WHAT YOU WILL DO
Copy exactly the lines of the material below that run from the one containing "then obtain b" through the one containing "d ?\<kappa> (\<lambda>S.". Copy no other lines.
======== EXERCISE DATA ========
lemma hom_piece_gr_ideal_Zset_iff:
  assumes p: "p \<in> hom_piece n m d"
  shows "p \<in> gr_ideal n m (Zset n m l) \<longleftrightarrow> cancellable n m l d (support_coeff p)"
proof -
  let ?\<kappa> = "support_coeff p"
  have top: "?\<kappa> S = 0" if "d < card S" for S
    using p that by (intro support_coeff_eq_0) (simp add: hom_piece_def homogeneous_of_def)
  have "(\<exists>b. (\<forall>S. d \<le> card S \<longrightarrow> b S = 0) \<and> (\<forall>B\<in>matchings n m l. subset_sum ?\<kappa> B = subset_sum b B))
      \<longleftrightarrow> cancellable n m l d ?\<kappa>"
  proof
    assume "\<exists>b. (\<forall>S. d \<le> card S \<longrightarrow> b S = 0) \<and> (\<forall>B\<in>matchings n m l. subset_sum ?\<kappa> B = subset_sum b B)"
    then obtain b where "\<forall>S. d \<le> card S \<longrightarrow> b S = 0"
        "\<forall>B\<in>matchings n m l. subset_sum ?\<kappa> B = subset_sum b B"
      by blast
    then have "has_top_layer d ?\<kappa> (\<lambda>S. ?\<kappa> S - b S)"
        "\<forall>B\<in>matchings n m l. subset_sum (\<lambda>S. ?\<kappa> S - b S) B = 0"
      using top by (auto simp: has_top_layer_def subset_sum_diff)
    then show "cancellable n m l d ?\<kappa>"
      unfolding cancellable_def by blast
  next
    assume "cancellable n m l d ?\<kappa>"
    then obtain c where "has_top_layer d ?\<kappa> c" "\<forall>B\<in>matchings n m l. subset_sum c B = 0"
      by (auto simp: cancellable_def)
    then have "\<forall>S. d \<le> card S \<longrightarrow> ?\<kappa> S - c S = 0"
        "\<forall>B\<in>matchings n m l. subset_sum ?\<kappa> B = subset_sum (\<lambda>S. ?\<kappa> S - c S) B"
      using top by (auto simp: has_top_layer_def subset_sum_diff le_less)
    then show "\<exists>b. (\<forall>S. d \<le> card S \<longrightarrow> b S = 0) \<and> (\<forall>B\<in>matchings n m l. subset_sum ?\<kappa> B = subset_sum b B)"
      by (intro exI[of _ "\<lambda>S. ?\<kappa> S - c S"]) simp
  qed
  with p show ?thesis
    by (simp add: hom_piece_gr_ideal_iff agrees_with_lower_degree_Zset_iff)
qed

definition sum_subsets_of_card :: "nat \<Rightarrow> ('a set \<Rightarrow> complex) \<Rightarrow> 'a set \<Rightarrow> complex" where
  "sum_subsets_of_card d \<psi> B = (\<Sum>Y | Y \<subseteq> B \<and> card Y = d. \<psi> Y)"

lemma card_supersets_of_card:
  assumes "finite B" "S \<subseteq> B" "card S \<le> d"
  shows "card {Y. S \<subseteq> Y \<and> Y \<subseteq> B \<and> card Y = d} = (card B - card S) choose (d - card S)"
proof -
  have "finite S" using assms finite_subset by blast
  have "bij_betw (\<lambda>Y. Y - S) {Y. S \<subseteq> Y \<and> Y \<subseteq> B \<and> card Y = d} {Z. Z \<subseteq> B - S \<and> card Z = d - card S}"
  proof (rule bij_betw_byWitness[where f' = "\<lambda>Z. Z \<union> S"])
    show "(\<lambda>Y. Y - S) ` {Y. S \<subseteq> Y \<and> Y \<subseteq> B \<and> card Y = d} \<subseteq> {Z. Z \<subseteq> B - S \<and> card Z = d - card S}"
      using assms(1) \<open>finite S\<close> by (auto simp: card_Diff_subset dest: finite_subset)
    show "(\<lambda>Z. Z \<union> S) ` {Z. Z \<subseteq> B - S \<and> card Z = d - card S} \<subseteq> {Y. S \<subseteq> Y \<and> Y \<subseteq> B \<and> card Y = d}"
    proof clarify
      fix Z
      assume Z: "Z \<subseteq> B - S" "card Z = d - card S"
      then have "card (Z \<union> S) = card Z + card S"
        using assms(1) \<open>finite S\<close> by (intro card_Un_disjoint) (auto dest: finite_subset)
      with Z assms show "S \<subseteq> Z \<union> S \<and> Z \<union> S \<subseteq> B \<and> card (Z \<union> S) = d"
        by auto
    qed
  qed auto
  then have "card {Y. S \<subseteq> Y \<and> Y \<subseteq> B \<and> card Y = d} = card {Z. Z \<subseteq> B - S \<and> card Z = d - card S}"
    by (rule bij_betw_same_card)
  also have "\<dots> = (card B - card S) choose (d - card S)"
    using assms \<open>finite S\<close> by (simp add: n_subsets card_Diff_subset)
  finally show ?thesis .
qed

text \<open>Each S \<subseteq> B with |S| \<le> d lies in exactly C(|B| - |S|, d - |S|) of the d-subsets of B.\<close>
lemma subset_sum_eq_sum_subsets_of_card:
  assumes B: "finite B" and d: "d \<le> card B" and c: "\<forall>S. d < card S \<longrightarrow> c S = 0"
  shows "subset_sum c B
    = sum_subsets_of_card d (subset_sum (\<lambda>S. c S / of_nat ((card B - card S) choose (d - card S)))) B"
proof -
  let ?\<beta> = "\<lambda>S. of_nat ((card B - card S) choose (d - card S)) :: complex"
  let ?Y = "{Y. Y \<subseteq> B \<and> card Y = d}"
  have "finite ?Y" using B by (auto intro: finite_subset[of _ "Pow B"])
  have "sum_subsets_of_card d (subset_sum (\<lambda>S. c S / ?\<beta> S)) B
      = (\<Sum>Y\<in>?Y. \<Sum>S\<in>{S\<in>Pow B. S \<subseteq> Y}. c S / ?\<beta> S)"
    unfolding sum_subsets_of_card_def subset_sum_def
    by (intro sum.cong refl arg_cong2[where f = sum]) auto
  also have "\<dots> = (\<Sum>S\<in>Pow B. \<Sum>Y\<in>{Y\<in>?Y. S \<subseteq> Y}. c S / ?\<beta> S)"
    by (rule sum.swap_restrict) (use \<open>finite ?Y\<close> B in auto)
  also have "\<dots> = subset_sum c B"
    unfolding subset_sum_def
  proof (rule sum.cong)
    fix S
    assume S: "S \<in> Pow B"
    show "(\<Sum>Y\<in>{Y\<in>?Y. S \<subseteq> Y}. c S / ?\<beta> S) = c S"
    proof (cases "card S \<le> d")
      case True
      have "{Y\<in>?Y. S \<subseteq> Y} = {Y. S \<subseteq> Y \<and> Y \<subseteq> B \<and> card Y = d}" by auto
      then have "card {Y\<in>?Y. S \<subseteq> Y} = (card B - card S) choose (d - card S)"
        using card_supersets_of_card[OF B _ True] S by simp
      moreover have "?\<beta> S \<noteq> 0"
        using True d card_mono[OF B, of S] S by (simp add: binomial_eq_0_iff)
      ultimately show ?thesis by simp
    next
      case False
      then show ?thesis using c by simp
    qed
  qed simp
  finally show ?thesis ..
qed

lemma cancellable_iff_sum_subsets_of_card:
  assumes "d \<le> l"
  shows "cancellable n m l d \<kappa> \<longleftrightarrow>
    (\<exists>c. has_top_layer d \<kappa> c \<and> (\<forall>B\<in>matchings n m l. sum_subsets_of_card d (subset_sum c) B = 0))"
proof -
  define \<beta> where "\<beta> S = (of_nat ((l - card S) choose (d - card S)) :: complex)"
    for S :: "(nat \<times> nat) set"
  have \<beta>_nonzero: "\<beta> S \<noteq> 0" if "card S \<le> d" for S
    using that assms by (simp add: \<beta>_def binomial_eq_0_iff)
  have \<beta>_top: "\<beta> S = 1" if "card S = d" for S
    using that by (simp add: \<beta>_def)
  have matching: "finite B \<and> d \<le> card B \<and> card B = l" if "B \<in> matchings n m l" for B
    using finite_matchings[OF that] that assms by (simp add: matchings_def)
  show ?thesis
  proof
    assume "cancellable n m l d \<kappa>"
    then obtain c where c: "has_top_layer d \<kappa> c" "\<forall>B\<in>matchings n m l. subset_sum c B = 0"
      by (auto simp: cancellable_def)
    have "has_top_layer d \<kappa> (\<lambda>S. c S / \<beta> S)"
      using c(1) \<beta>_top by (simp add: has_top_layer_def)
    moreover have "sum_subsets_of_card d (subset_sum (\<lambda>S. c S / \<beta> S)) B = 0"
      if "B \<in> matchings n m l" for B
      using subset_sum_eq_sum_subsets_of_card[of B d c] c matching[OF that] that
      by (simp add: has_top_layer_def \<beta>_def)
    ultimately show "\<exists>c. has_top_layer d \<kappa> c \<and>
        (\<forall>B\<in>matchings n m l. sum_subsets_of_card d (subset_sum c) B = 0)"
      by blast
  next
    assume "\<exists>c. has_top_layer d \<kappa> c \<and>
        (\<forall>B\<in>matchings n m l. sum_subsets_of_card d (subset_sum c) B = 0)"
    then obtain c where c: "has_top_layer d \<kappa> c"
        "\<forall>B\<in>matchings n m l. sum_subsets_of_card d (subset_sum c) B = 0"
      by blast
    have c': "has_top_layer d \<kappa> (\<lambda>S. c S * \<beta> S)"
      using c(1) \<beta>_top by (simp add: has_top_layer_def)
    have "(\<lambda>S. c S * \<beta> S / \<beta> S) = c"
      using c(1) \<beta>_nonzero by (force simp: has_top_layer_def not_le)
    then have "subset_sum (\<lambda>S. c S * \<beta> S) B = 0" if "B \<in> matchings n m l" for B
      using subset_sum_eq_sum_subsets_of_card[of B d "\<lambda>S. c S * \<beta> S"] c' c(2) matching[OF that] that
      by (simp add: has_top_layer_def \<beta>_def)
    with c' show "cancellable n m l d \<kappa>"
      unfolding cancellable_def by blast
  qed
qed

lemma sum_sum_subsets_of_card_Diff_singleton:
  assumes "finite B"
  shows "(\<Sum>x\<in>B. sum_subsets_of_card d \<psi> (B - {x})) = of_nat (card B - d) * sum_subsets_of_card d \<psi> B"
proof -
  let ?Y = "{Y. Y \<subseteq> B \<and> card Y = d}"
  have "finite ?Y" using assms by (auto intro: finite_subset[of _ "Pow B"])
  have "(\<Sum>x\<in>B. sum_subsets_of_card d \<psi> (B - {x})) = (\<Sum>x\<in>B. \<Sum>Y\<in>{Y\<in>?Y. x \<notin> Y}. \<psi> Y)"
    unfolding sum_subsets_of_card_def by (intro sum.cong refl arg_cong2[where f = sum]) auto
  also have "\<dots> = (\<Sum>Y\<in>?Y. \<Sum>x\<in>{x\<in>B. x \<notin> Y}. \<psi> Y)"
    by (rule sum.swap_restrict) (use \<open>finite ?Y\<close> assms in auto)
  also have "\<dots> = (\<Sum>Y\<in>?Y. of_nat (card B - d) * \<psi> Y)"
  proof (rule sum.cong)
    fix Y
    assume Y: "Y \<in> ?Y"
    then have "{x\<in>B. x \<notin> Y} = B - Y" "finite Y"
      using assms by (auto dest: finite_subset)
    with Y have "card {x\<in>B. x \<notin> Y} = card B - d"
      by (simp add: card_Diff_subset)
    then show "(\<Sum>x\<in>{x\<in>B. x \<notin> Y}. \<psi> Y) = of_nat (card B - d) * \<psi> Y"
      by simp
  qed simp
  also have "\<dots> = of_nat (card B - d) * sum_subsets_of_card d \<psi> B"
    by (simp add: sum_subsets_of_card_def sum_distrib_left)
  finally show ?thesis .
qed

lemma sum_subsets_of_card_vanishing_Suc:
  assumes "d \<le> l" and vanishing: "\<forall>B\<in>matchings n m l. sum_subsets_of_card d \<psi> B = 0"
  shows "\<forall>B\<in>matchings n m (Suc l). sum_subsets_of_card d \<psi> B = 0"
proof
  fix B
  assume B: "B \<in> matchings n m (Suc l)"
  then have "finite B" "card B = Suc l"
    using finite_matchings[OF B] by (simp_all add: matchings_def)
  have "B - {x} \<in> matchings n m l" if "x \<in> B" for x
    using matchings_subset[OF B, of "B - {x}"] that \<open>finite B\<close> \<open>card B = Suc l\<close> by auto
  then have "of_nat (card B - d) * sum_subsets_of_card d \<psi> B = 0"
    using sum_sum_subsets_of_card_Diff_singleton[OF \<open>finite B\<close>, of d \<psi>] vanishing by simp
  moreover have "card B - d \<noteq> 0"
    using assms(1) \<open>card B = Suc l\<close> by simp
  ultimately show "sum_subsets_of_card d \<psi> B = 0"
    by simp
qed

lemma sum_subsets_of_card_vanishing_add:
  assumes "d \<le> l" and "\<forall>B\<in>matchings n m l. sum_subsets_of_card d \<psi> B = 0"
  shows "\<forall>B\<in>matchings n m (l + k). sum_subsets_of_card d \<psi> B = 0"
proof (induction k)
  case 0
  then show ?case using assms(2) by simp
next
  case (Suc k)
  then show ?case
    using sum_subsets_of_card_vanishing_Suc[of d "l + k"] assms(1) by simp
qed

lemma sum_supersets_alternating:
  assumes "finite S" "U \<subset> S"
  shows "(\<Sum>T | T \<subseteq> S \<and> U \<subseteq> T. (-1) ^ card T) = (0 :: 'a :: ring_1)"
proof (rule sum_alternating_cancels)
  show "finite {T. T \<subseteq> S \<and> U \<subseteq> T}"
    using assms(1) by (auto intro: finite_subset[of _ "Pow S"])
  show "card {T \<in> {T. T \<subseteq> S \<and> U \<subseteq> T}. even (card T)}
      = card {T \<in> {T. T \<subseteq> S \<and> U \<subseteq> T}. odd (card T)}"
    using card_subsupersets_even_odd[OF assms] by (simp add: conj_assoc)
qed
========
REPLY TO THE EXERCISE
    then obtain b where "\<forall>S. d \<le> card S \<longrightarrow> b S = 0"
        "\<forall>B\<in>matchings n m l. subset_sum ?\<kappa> B = subset_sum b B"
      by blast
    then have "has_top_layer d ?\<kappa> (\<lambda>S. ?\<kappa> S - b S)"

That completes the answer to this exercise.